Ensuite, la cotation à la BRVM garantit :
- la transparence, grâce aux informations régulièrement publiées ;
- la possibilité de revendre les titres, si besoin ;
- et une meilleure diversification des portefeuilles, au-delà des placements traditionnels.
Enfin, ces opérations offrent aux épargnants et investisseurs burkinabè l’opportunité de participer directement au financement d’entreprises et d’infrastructures stratégiques de l’économie, réduisant ainsi la dépendance aux financements extérieurs. C’est, à mon sens, une forme de souveraineté financière pragmatique et responsable.
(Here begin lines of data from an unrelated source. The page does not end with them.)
(* Let $h:[0,1]\to(0,\infty)$ and $f:[0,\infty)\to[0,\infty)$ be continuously differentiable, suppose there is $t_0\ge0$ with $f>0$ on $[t_0,\infty)$ and $f\in C^2([t_0,\infty))$, put $g=\log f$ on $[t_0,\infty)$, and assume condition (H1) of the context. Let $(\lambda_n,\mu_n,u_n)\in(0,\infty)\times(0,\infty)\times C^2([0,1])$ satisfy $-u_n''-\frac1r u_n'=\lambda_n h(r)f(u_n)$, $u_n>0$ in $(0,1)$, $u_n(0)=\mu_n$, $u_n'(0)=0=u_n(1)$, with $\mu_n\to\infty$. Define $\gamma_{0,n}>0$ by $\lambda_n h(0)f'(\mu_n)\gamma_{0,n}^2=1$, and for $r\in[0,1]$ with $u_n(r)\ge t_0$ let $$\phi_n(r)=\lambda_n r^2 h(r)f'(u_n(r)),\qquad \psi_n(r)=-r\,g'(u_n(r))\,u_n'(r).$$ Then, up to a subsequence, there exists $(r_{1,n})\subset(0,1)$ such that $\phi_n(r_{1,n})$ is a local maximum value of $\phi_n$ (in particular $\phi_n'(r_{1,n})=0$) for all $n$, and as $n\to\infty$: $\phi_n(r_{1,n})\to2$, $\psi_n(r_{1,n})\to2$, $r_{1,n}/\gamma_{0,n}\to2\sqrt2$, $$u_n(r_{1,n})=\mu_n+O\Big(\frac1{g(\mu_n)}\Big)\frac{g(\mu_n)}{g'(\mu_n)},$$ $g(u_n(r_{1,n}))/g(\mu_n)\to1$ and $g'(u_n(r_{1,n}))/g'(\mu_n)\to1$.
   Context: Condition (H1): (i) $g'(t)>0$ and $g''(t)>0$ for all $t\ge t_0$, and there is a pair $(q,p)$ with either $q=1$ and $p\in(0,\infty]$, or $q\in(1,\infty)$ and $p\in(0,\infty)$, such that $\lim_{t\to\infty}\frac{g'(t)^2}{g(t)g''(t)}=q$ and $\lim_{t\to\infty}\frac{tg'(t)}{g(t)}=p$; (ii) if $q=1$, then $tg'(t)/g(t)$ is nondecreasing on $[t_0,\infty)$ and there exist $k\in\mathbb{N}$ and $\hat g\in C^2([t_0,\infty))$ with $f=\exp_k\circ\hat g$ and $\hat g'/\hat g$ nonincreasing on $[t_0,\infty)$ ($\exp_1=\exp$, $\exp_k=\exp_{k-1}\circ\exp$). *)

theory Defs
  imports "HOL-Analysis.Analysis" "HOL-Library.Landau_Symbols"
begin

definition C2_with :: "real set \<Rightarrow> (real \<Rightarrow> real) \<Rightarrow> (real \<Rightarrow> real) \<Rightarrow> (real \<Rightarrow> real) \<Rightarrow> bool" where
  "C2_with S u u' u'' \<longleftrightarrow>
     (\<forall>r\<in>S. (u has_real_derivative u' r) (at r within S) \<and>
             (u' has_real_derivative u'' r) (at r within S)) \<and> continuous_on S u''"

definition C1_with :: "real set \<Rightarrow> (real \<Rightarrow> real) \<Rightarrow> (real \<Rightarrow> real) \<Rightarrow> bool" where
  "C1_with S u u' \<longleftrightarrow>
     (\<forall>r\<in>S. (u has_real_derivative u' r) (at r within S)) \<and> continuous_on S u'"

text \<open>Condition (H1); g, g', g'' are log f and its derivatives on [t0,oo).\<close>
definition H1 :: "real \<Rightarrow> (real \<Rightarrow> real) \<Rightarrow> (real \<Rightarrow> real) \<Rightarrow> (real \<Rightarrow> real) \<Rightarrow> (real \<Rightarrow> real) \<Rightarrow> bool" where
  "H1 t0 f g g' g'' \<longleftrightarrow>
     (\<forall>t\<ge>t0. g' t > 0 \<and> g'' t > 0) \<and>
     (\<exists>q::real. ((\<lambda>t. (g' t)^2 / (g t * g'' t)) \<longlongrightarrow> q) at_top \<and>
        ((q = 1 \<and> ((\<exists>p>0. ((\<lambda>t. t * g' t / g t) \<longlongrightarrow> p) at_top)
                     \<or> filterlim (\<lambda>t. t * g' t / g t) at_top at_top))
         \<or> (q > 1 \<and> (\<exists>p>0. ((\<lambda>t. t * g' t / g t) \<longlongrightarrow> p) at_top))) \<and>
        (q = 1 \<longrightarrow>
           (\<forall>s t. t0 \<le> s \<longrightarrow> s \<le> t \<longrightarrow> s * g' s / g s \<le> t * g' t / g t) \<and>
           (\<exists>k::nat. k \<ge> 1 \<and> (\<exists>gh gh' gh''. C2_with {t0..} gh gh' gh'' \<and>
               (\<forall>t\<ge>t0. f t = (exp ^^ k) (gh t)) \<and>
               (\<forall>s t. t0 \<le> s \<longrightarrow> s \<le> t \<longrightarrow> gh' t / gh t \<le> gh' s / gh s)))))"

definition phi :: "real \<Rightarrow> (real \<Rightarrow> real) \<Rightarrow> (real \<Rightarrow> real) \<Rightarrow> (real \<Rightarrow> real) \<Rightarrow> real \<Rightarrow> real" where
  "phi lam h f' u r = lam * r^2 * h r * f' (u r)"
Le FCTC permet aussi de lever des fonds sur le marché financier. Parlez-nous de cet instrument, de ses avantages et de ses risques.
Le Fonds commun de titrisation de Créances (FCTC) est un véhicule financier qui permet de collecter des ressources auprès des investisseurs par l’émission de titres pour financer des activités économiques, sur la base de ressources futures clairement identifiées, à savoir des créances.
Parmi ses principaux avantages, on peut citer :
– la diversification des sources de financement, l’opportunité d’accéder au Marché financier régional au travers d’un instrument de dette ;
– les conditions de financement optimales basées non pas sur la qualité intrinsèque du client, mais sur la qualité des créances cédées ;
– le transfert des risques identifiés
– l’investissement avec rapport risque / rendement optimisé pour les souscripteurs de titres.
En tant que financement structuré, la titrisation peut présenter des risques (défaut de paiement, remboursement anticipé, taux, change…), mais qui sont régulièrement mitigés au travers de garanties externes et internes adaptées à la technique.
La protection de l’investisseur constitue la mission ultime du Régulateur et de la société de gestion. Cela explique le caractère strictement encadré et réglementé de la titrisation dans la zone UEMOA.